I encourage everyone to read:

http://msdn.microsoft.com/library/backgrnd/html/msdn_winswp.htm#winswp_replication

> prioritizing doesn't work here any more, as you already
> wrote, this version would make sense for the "complex
> solution" below.
> 
> 
> [...]
> > The only disadvantage of doing this is a bit of network traffic every
> > time you need to send an update.  How often is this?  My impression is
> > that the added traffic would be modest.

Traffic to the WINS server would include both registrations (and updates) 
and queries.  I've already impoved the traffic problems by adding code so 
that Samba doesn't retry a WINS query if the WINS server returned "no".  

When a WINS server fails, then queries or registrations will retry--three 
times, I think.  If there's no response then I'll mark the server dead 
and try the next server.

So, that's three UDP packets per dead WINS server.  Not bad.

> > > ..but... The other way to do this is to think of it as a way to join
> > > multiple name spaces.  Doing so seems perfectly sane to me.
> > 
> > Me too.
> > 
> > In fact, I don't even think there's that much room for debate.

I brought it up because there really is room for debate.  Failover and
membership in multiple *separate* WINS spaces are two very different
things. Failover assumes that all of the WINS servers are sync'd. 
Multi-membership assumes the opposite.

For multi-membership to work, the client station must register in *each* 
of the WINS namespaces.  Also, there must be a hierarchy to the WINS 
namespaces so that duplicate names can be resolved in a known fashion.
If I'm searching for node "SERVER", and there is a node "SERVER" listed 
in two WINS spaces, how do I know which to choose?

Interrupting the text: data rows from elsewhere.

(* Let $R$ be a ring. The set $\mathrm{Den}_l(R,0)$, ordered by inclusion and with the product $S_1S_2:=\langle S_1,S_2\rangle$ (the multiplicative subsemigroup of $R$ generated by $S_1$ and $S_2$), is an abelian monoid with identity $\{1\}$ and a complete lattice, in which $S_1S_2=S_1\vee S_2$ for all $S_1,S_2\in\mathrm{Den}_l(R,0)$, and for any family $S_i\in \mathrm{Den}_l(R,0)$, $i\in I$, the meet is $\bigwedge_{i\in I}S_i=\bigvee\{S\in \mathrm{Den}_l(R,0)\mid S\subseteq \bigcap_{i\in I}S_i\}$.
   Context: Rings are associative with $1$. A multiplicatively closed subset $S$ of a ring $R$ is a subset with $1\in S$, $0\notin S$, closed under multiplication. It is a left Ore set if $Sr\cap Rs\neq\emptyset$ for all $r\in R$, $s\in S$; then $\mathrm{ass}(S):=\{r\in R\mid sr=0 \text{ for some } s\in S\}$. A left Ore set $S$ is a left denominator set if $rs=0$ with $r\in R$, $s\in S$ implies $tr=0$ for some $t\in S$. $\mathrm{Den}_l(R,0)$ is the set of left denominator sets $S$ with $\mathrm{ass}(S)=0$ (equivalently, left denominator sets consisting of regular elements). *)

theory Defs
  imports Main "HOL-Algebra.Group" "HOL-Algebra.Complete_Lattice"
begin

text \<open>Rings: the type class ring_1 (associative ring with 1; note 1 \<noteq> 0 is part of ring_1).\<close>

definition mult_closed :: "'a::ring_1 set \<Rightarrow> bool" where
  "mult_closed S \<longleftrightarrow> 1 \<in> S \<and> 0 \<notin> S \<and> (\<forall>a\<in>S. \<forall>b\<in>S. a * b \<in> S)"

definition left_ore :: "'a::ring_1 set \<Rightarrow> bool" where
  "left_ore S \<longleftrightarrow> mult_closed S \<and>
     (\<forall>r. \<forall>s\<in>S. \<exists>s'\<in>S. \<exists>r'. s' * r = r' * s)"

definition ass :: "'a::ring_1 set \<Rightarrow> 'a set" where
  "ass S = {r. \<exists>s\<in>S. s * r = 0}"

definition left_den :: "'a::ring_1 set \<Rightarrow> bool" where
  "left_den S \<longleftrightarrow> left_ore S \<and>
     (\<forall>r. \<forall>s\<in>S. r * s = 0 \<longrightarrow> (\<exists>t\<in>S. t * r = 0))"

definition Den_l0 :: "'a::ring_1 set set" where
  "Den_l0 = {S. left_den S \<and> ass S = {0}}"

definition gen_subsemigroup :: "'a::ring_1 set \<Rightarrow> 'a set" where
  "gen_subsemigroup A = \<Inter>{T. A \<subseteq> T \<and> (\<forall>x\<in>T. \<forall>y\<in>T. x * y \<in> T)}"

definition den_prod :: "'a::ring_1 set \<Rightarrow> 'a set \<Rightarrow> 'a set" where
  "den_prod S1 S2 = gen_subsemigroup (S1 \<union> S2)"

definition Den_monoid :: "'a::ring_1 set monoid" where
  "Den_monoid = \<lparr>carrier = Den_l0, mult = den_prod, one = {1}\<rparr>"

definition Den_order :: "'a::ring_1 set gorder" where
  "Den_order = \<lparr>carrier = Den_l0, eq = (=), le = (\<subseteq>)\<rparr>"

end

theory Submission
  imports Defs
begin
lemma zd_periodic_solution_diff_bound:
  assumes sol: "zd_solution P dth theta omega" and adm: "admissible P omega"
    and per: "periodic_seq N omega" and "1 \<le> N" "1 \<le> k1"
  obtains L :: real where "0 < L"
    "\<And>w k. zd_solution P dth theta w \<Longrightarrow> admissible P w \<Longrightarrow> periodic_seq N w \<Longrightarrow> 1 \<le> k \<Longrightarrow>
      \<bar>w k - omega k\<bar> \<le> L * \<bar>w k1 - omega k1\<bar>"
proof -
  obtain L where "0 < L" and bound: "\<And>w k. zd_solution P dth theta w \<Longrightarrow> admissible P w \<Longrightarrow>
      1 \<le> k \<Longrightarrow> k \<le> max k1 N \<Longrightarrow> \<bar>w k - omega k\<bar> \<le> L * \<bar>w k1 - omega k1\<bar>"
    using zd_solution_diff_bound_on_interval[OF sol adm \<open>1 \<le> k1\<close>, of "max k1 N"] by auto
  show thesis
  proof (rule that[OF \<open>0 < L\<close>])
    fix w and k :: nat
    assume sol_w: "zd_solution P dth theta w" and adm_w: "admissible P w"
      and per_w: "periodic_seq N w" and "1 \<le> k"
    have "(k - 1) mod N + 1 \<le> max k1 N"
      using \<open>1 \<le> N\<close> by (simp add: Suc_leI le_max_iff_disj)
    then show "\<bar>w k - omega k\<bar> \<le> L * \<bar>w k1 - omega k1\<bar>"
      using bound[OF sol_w adm_w, of "(k - 1) mod N + 1"]
        periodic_seq_mod[OF per \<open>1 \<le> k\<close>] periodic_seq_mod[OF per_w \<open>1 \<le> k\<close>]
      by simp
  qed
qed
(* Let $\tau\in(0,1]$ and suppose $k\,\alpha^{(2-\tau)d}\ge 2$. Let $u,v\in V$ be distinct with $|\Gamma(u)\cap\Gamma(v)|\ge\tau d$. Then, under the Fast-Filter model described in the context, with probability at least $1/2$ there exists $i\in[k]$ with $u\in S_i$ and $v\in S_i$.
   Context: Let $G=(U,V,E)$ be a bipartite graph with $|U|=M$ and $|V|=N$. For $v\in V$ let $\Gamma(v)\subseteq U$ be its set of neighbours, and assume $|\Gamma(v)|=d\ge 1$ for every $v\in V$. Let $k=2^{m}$ and $\alpha=2^{-r}$, where $m,r$ are positive integers. Identify $[k]=\{1,\dots,k\}$ bijectively with the vector space $\mathrm{GF}(2)^m$ (for instance via the binary representation of $i-1$). Fast-Filter model: for each $u\in U$, independently draw a uniformly random matrix $A'_u\in\mathrm{GF}(2)^{r\times m}$ and a uniformly random vector $b'_u\in\mathrm{GF}(2)^{r}$; all of these are mutually independent. For $v\in V$, let $A^v$ be the $(dr)\times m$ matrix obtained by stacking the matrices $A'_u$, $u\in\Gamma(v)$, in a fixed order, and let $b^v\in\mathrm{GF}(2)^{dr}$ be obtained by stacking the $b'_u$, $u\in\Gamma(v)$, in the same order. For $i\in[k]$ (viewed as a vector in $\mathrm{GF}(2)^m$), the survival set is $S_i=\{v\in V: A^v i+b^v=0\}$, with arithmetic over $\mathrm{GF}(2)$. *)

theory Defs
  imports "HOL-Probability.Probability" "HOL-Library.Z2"
begin

text \<open>A matrix in GF(2)^(r x m) is a function
  nat => nat => bit vanishing outside rows 0..<r and columns 0..<m;
  a vector in GF(2)^r is a function nat => bit vanishing outside 0..<r.\<close>

definition gf2_mats :: "nat \<Rightarrow> nat \<Rightarrow> (nat \<Rightarrow> nat \<Rightarrow> bit) set" where
  "gf2_mats r m = {A. \<forall>j l. A j l \<noteq> 0 \<longrightarrow> j < r \<and> l < m}"

definition gf2_vecs :: "nat \<Rightarrow> (nat \<Rightarrow> bit) set" where
  "gf2_vecs r = {b. \<forall>j. b j \<noteq> 0 \<longrightarrow> j < r}"

text \<open>Identification of i in [k] = {1..2^m} with GF(2)^m via binary representation of i-1.\<close>
definition idx_vec :: "nat \<Rightarrow> nat \<Rightarrow> nat \<Rightarrow> bit" where
  "idx_vec m i l = (if l < m \<and> odd ((i - 1) div 2 ^ l) then 1 else 0)"

text \<open>Sample space of the Fast-Filter model: for each left vertex w in U a pair
  (A'_w, b'_w); uniform distribution on this product = independent uniform draws.\<close>
definition ff_space :: "'a set \<Rightarrow> nat \<Rightarrow> nat \<Rightarrow> ('a \<Rightarrow> (nat \<Rightarrow> nat \<Rightarrow> bit) \<times> (nat \<Rightarrow> bit)) set" where
  "ff_space U r m = PiE U (\<lambda>_. gf2_mats r m \<times> gf2_vecs r)"

definition ff_pmf :: "'a set \<Rightarrow> nat \<Rightarrow> nat \<Rightarrow> ('a \<Rightarrow> (nat \<Rightarrow> nat \<Rightarrow> bit) \<times> (nat \<Rightarrow> bit)) pmf" where
  "ff_pmf U r m = pmf_of_set (ff_space U r m)"

text \<open>Stacked system for v: rows are indexed by pairs (w, j) with w in Gamma(v) (the
  block, in any fixed order) and j < r (row within the block).\<close>
definition stack_mat :: "('b \<Rightarrow> 'a set) \<Rightarrow> ('a \<Rightarrow> (nat \<Rightarrow> nat \<Rightarrow> bit) \<times> (nat \<Rightarrow> bit))
    \<Rightarrow> 'b \<Rightarrow> ('a \<times> nat) \<Rightarrow> nat \<Rightarrow> bit" where
  "stack_mat \<Gamma> \<omega> v = (\<lambda>(w, j) l. fst (\<omega> w) j l)"

definition stack_vec :: "('b \<Rightarrow> 'a set) \<Rightarrow> ('a \<Rightarrow> (nat \<Rightarrow> nat \<Rightarrow> bit) \<times> (nat \<Rightarrow> bit))
    \<Rightarrow> 'b \<Rightarrow> ('a \<times> nat) \<Rightarrow> bit" where
  "stack_vec \<Gamma> \<omega> v = (\<lambda>(w, j). snd (\<omega> w) j)"

definition survival_set :: "'b set \<Rightarrow> ('b \<Rightarrow> 'a set) \<Rightarrow> nat \<Rightarrow> nat
    \<Rightarrow> ('a \<Rightarrow> (nat \<Rightarrow> nat \<Rightarrow> bit) \<times> (nat \<Rightarrow> bit)) \<Rightarrow> nat \<Rightarrow> 'b set" where
  "survival_set V \<Gamma> r m \<omega> i =
     {v \<in> V. \<forall>row \<in> \<Gamma> v \<times> {0..<r}.
        (\<Sum>l<m. stack_mat \<Gamma> \<omega> v row l * idx_vec m i l) + stack_vec \<Gamma> \<omega> v row = 0}"

end

theory Submission
  imports Defs "HOL-Library.Function_Algebras"
begin

text \<open>Let T be the union of the two neighbourhoods, so that |T| \<le> (2 - \<tau>) d. Both vertices
  survive in bucket i iff every block (A'_w, b'_w) with w \<in> T satisfies A'_w i + b'_w = 0.
  Translating b'_w shows that a block does so with probability 2^-r, and for buckets i \<noteq> j,
  translating in addition the column of A'_w at a coordinate where i and j differ shows that the
  two conditions are independent. So the k events "both survive in bucket i" are pairwise
  independent, each of probability p = 2^(-r |T|) \<ge> \<alpha>^((2 - \<tau>) d), and Chebyshev's inequality
  for their number bounds the probability that none occurs by 1 / (k p) \<le> 1/2.\<close>

lemma integrable_measure_pmf_bounded:
  fixes f :: "'a \<Rightarrow> real"
  shows "(\<And>\<omega>. \<bar>f \<omega>\<bar> \<le> B) \<Longrightarrow> integrable (measure_pmf M) f"
  by (intro measure_pmf.integrable_const_bound[where B = B]) auto

definition event_count :: "'i set \<Rightarrow> ('i \<Rightarrow> 'a set) \<Rightarrow> 'a \<Rightarrow> real" where
  "event_count I E \<omega> = (\<Sum>i\<in>I. indicator (E i) \<omega>)"

lemma abs_event_count_le: "\<bar>event_count I E \<omega>\<bar> \<le> card I"
  using sum_bounded_above[of I "\<lambda>i. indicator (E i) \<omega> :: real" 1]
  by (simp add: event_count_def sum_nonneg)

context
  fixes M :: "'a pmf" and I :: "'i set" and E :: "'i \<Rightarrow> 'a set" and p :: real
  assumes finite_I: "finite I"
    and prob_E: "\<And>i. i \<in> I \<Longrightarrow> measure_pmf.prob M (E i) = p"
    and prob_EE: "\<And>i j. i \<in> I \<Longrightarrow> j \<in> I \<Longrightarrow> i \<noteq> j
      \<Longrightarrow> measure_pmf.prob M (E i \<inter> E j) = p ^ 2"
begin

lemma integrable_event_count: "integrable M (event_count I E)"
  by (rule integrable_measure_pmf_bounded[OF abs_event_count_le])

lemma integrable_event_count_squared: "integrable M (\<lambda>\<omega>. (event_count I E \<omega>)\<^sup>2)"
proof (rule integrable_measure_pmf_bounded)
  show "\<bar>(event_count I E \<omega>)\<^sup>2\<bar> \<le> (real (card I))\<^sup>2" for \<omega>
    using power_mono[OF abs_event_count_le abs_ge_zero, where n = 2] by simp
qed

lemma expectation_event_count: "measure_pmf.expectation M (event_count I E) = card I * p"
  unfolding event_count_def using prob_E
  by (subst Bochner_Integration.integral_sum)
    (auto intro: integrable_measure_pmf_bounded[where B = 1])

lemma expectation_event_count_squared:
  "measure_pmf.expectation M (\<lambda>\<omega>. (event_count I E \<omega>)\<^sup>2)
    = card I * (p + (real (card I) - 1) * p\<^sup>2)"
proof -
  have "measure_pmf.expectation M (\<lambda>\<omega>. (event_count I E \<omega>)\<^sup>2)
      = (\<Sum>i\<in>I. \<Sum>j\<in>I. measure_pmf.prob M (E i \<inter> E j))"
    unfolding event_count_def power2_eq_square sum_product indicator_inter_arith[symmetric]
    by (simp add: Bochner_Integration.integral_sum integrable_measure_pmf_bounded[where B = 1])
  also have "\<dots> = (\<Sum>i\<in>I. p + (real (card I) - 1) * p\<^sup>2)"
  proof (rule sum.cong[OF refl])
    fix i assume i: "i \<in> I"
    then have "card I \<ge> 1" using finite_I by (simp add: Suc_le_eq card_gt_0_iff) blast
    have "(\<Sum>j\<in>I - {i}. measure_pmf.prob M (E i \<inter> E j)) = (\<Sum>j\<in>I - {i}. p\<^sup>2)"
      by (rule sum.cong) (use i prob_EE in auto)
    also have "\<dots> = (real (card I) - 1) * p\<^sup>2"
      using finite_I i \<open>card I \<ge> 1\<close> by (simp add: card_Diff_singleton of_nat_diff)
    finally show "(\<Sum>j\<in>I. measure_pmf.prob M (E i \<inter> E j)) = p + (real (card I) - 1) * p\<^sup>2"
      using finite_I i prob_E by (simp add: sum.remove)
  qed
  finally show ?thesis by simp
qed

lemma variance_event_count_le:
  "measure_pmf.expectation M (\<lambda>\<omega>. (event_count I E \<omega> - card I * p)\<^sup>2) \<le> card I * p"
proof -
  have "measure_pmf.expectation M (\<lambda>\<omega>. (event_count I E \<omega> - card I * p)\<^sup>2)
      = measure_pmf.expectation M (\<lambda>\<omega>. (event_count I E \<omega>)\<^sup>2)
        - 2 * (card I * p) * measure_pmf.expectation M (event_count I E) + (card I * p)\<^sup>2"
    unfolding power2_diff
    using integrable_event_count_squared integrable_event_count by (simp add: mult.assoc)
  also have "\<dots> = card I * p - card I * p\<^sup>2"
    unfolding expectation_event_count_squared expectation_event_count
    by (simp add: power2_eq_square algebra_simps)
  finally show ?thesis by simp
qed

lemma prob_no_event_le_pairwise_independent:
  assumes mean_pos: "card I * p > 0"
  shows "measure_pmf.prob M {\<omega>. \<forall>i\<in>I. \<omega> \<notin> E i} \<le> 1 / (card I * p)"
proof -
  let ?X = "event_count I E" and ?\<mu> = "card I * p"
  have "{\<omega>. \<forall>i\<in>I. \<omega> \<notin> E i}
      \<subseteq> {\<omega> \<in> space (measure_pmf M). ?\<mu> \<le> \<bar>?X \<omega> - measure_pmf.expectation M ?X\<bar>}"
    using mean_pos by (auto simp: event_count_def expectation_event_count)
  then have "measure_pmf.prob M {\<omega>. \<forall>i\<in>I. \<omega> \<notin> E i}
      \<le> measure_pmf.expectation M (\<lambda>\<omega>. (?X \<omega> - measure_pmf.expectation M ?X)\<^sup>2) / ?\<mu>\<^sup>2"
    using measure_pmf.Chebyshev_inequality[OF _ integrable_event_count_squared, of ?\<mu>] mean_pos
    by (auto intro: order.trans[OF measure_pmf.finite_measure_mono])
  also have "\<dots> \<le> ?\<mu> / ?\<mu>\<^sup>2"
    using variance_event_count_le by (simp add: expectation_event_count divide_right_mono)
  also have "\<dots> = 1 / ?\<mu>"
    using mean_pos by (simp add: power2_eq_square)
  finally show ?thesis .
qed

end

lemma prob_pmf_of_set_fiber_translation:
  fixes g :: "'a \<Rightarrow> 'b::ab_group_add"
  assumes "finite S" "S \<noteq> {}" "finite R" "g ` S \<subseteq> R"
    and bij: "\<And>s. s \<in> R \<Longrightarrow> bij_betw (h s) S S"
    and shift: "\<And>s z. s \<in> R \<Longrightarrow> z \<in> S \<Longrightarrow> g (h s z) = g z + s"
  shows "measure_pmf.prob (pmf_of_set S) {z. g z = 0} = 1 / card R"
proof -
  define fiber where "fiber s = {z \<in> S. g z = s}" for s
  have fiber_bij: "bij_betw (h s) (fiber 0) (fiber s)" if s: "s \<in> R" for s
  proof (rule bij_betw_subset[OF bij[OF s]])
    show "h s ` fiber 0 = fiber s"
    proof safe
      fix z assume "z \<in> fiber 0"
      then show "h s z \<in> fiber s"
        using shift[OF s] bij_betwE[OF bij[OF s]] by (auto simp: fiber_def)
    next
      fix y assume y: "y \<in> fiber s"
      then obtain z where z: "z \<in> S" "y = h s z"
        using bij_betw_imp_surj_on[OF bij[OF s]] by (auto simp: fiber_def)
      then have "g z = 0" using y shift[OF s z(1)] by (simp add: fiber_def)
      then show "y \<in> h s ` fiber 0" using z by (auto simp: fiber_def)
    qed
  qed (auto simp: fiber_def)
  have "S = (\<Union>s\<in>R. fiber s)" using assms(4) by (auto simp: fiber_def)
  also have "card \<dots> = (\<Sum>s\<in>R. card (fiber s))"
    by (rule card_UN_disjoint) (use assms(1,3) in \<open>auto simp: fiber_def\<close>)
  also have "\<dots> = (\<Sum>s\<in>R. card (fiber 0))"
    using bij_betw_same_card[OF fiber_bij] by (intro sum.cong) auto
  finally have "card S = card R * card (fiber 0)" by simp
  moreover have "card S > 0" using assms(1,2) by (simp add: card_gt_0_iff)
  moreover have "S \<inter> {z. g z = 0} = fiber 0" by (auto simp: fiber_def)
  ultimately show ?thesis
    using assms(1,2) by (simp add: measure_pmf_of_set)
qed

lemma sum_add_delta_mult:
  fixes A w :: "nat \<Rightarrow> 'a::semiring_0"
  assumes "l0 < m"
  shows "(\<Sum>l<m. (A l + (if l = l0 then c else 0)) * w l) = (\<Sum>l<m. A l * w l) + c * w l0"
proof -
  have "(\<Sum>l<m. (A l + (if l = l0 then c else 0)) * w l)
      = (\<Sum>l<m. A l * w l + (if l = l0 then c * w l else 0))"
    by (intro sum.cong) (auto simp: distrib_right)
  then show ?thesis using assms by (simp add: sum.distrib)
qed

lemma bij_betw_involution: "(\<And>z. z \<in> S \<Longrightarrow> h z \<in> S \<and> h (h z) = z) \<Longrightarrow> bij_betw h S S"
  by (rule bij_betw_byWitness[where f' = h]) auto

lemma prob_Pi_pmf_all_in:
  assumes "finite U" "T \<subseteq> U"
  shows "measure_pmf.prob (Pi_pmf U dflt (\<lambda>_. P)) {\<omega>. \<forall>w\<in>T. \<omega> w \<in> C}
    = measure_pmf.prob P C ^ card T"
proof -
  have "{\<omega>. \<forall>w\<in>T. \<omega> w \<in> C} = Pi U (\<lambda>w. if w \<in> T then C else UNIV)"
    using assms(2) by (auto simp: Pi_def)
  then have "measure_pmf.prob (Pi_pmf U dflt (\<lambda>_. P)) {\<omega>. \<forall>w\<in>T. \<omega> w \<in> C}
      = (\<Prod>w\<in>U. measure_pmf.prob P (if w \<in> T then C else UNIV))"
    using measure_Pi_pmf_Pi[OF assms(1)] by simp
  also have "\<dots> = (\<Prod>w\<in>U. if w \<in> T then measure_pmf.prob P C else 1)"
    by (rule prod.cong) auto
  also have "\<dots> = measure_pmf.prob P C ^ card T"
    using assms by (simp add: prod.If_cases Int_absorb1)
  finally show ?thesis .
qed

Given that NetBIOS names are the addresses in the NetBIOS virtual LAN, 
there are a lot of problems that could be caused.

All of the Windows systems with which I've worked assume failover.  Note 
that I haven't worked with W/98.

> > Obviously, if the administrator has specified the multiple servers in
> > smb.conf, it means he considers the Samba server to be part of the
> > namespace of each wins server.  So why not make it explicit and just
> > register with everyone every time?

That's not obvious.  It may be that the administrator wanted failover.  

I think that registering with each WINS server would still work (though 
I'm not sure), because the registration will match the existing entry so 
it will be taken as an update.

> This all sounds quite good to me.

I have my doubts.  That's why I'm talking about it.

> That is:

> - Register with all specified wins-servers

Could generate a bit of replication traffic.  I really don't know what 
will happen if this is done.

>    side-question: what happens, if it fails?

If the servers are synced the it won't matter, on the server side.  I 
have no idea what the Samba client would or should do.

>      If the server is down, retry later, but not too early,
>        we don't want to flood the net.

Do we retry now?

>      If the name is already taken? No idea yet.

This can happen.  Of course, this is more likely with multi-membership.

> - For queries, use them all in _order_:
>   - If we get a negative response, try the next one.
>   - if we get no response, mark the machine as dead for a
>     while and try it later (as noted above by Peter)
>   - of course, skip servers, marked as dead
>   - (unless their deadtime is over)

Yes.

> I can see only one bad thing: Increaed network-traffic,
> especialy with registrations.

...and replication traffic.  If WINS-A replicates with WINS-B and WINS-B 
replicates with WINS-C and you register with all of them, then they will 
all be sending update messages to each other.  Urq.  The traffic probably 
won't be that bad, but geez what a mess.  Oooh, and I haven't considered 
the implications for Browsing yet.

> > >   wins server = 192.168.101.5, wins.office.com:wins2.office.com
> > > 
> > > The above basically says
> > > - Use 192.168.101.5 to resolve names via WINS.
> > > - If name resolution from 192.168.101.5 fails, then try the WINS
> > >   server at office.com.
> > > - Initially, wins.office.com is the second WINS server to try.  If it
> > >   appears to be down, then use wins2.office.com instead (that is,
> > >   failover).
> > 
> > To me this is needlessly complex (and as you said "a pain in the
> > tailfeathers to implement").  My humble opinion is that nobody needs
> > this amount of flexibility.
> [...]
> > No need to pick & choose which feature you want.  I can't see a
> > situation where it would make sense to have one but not the other.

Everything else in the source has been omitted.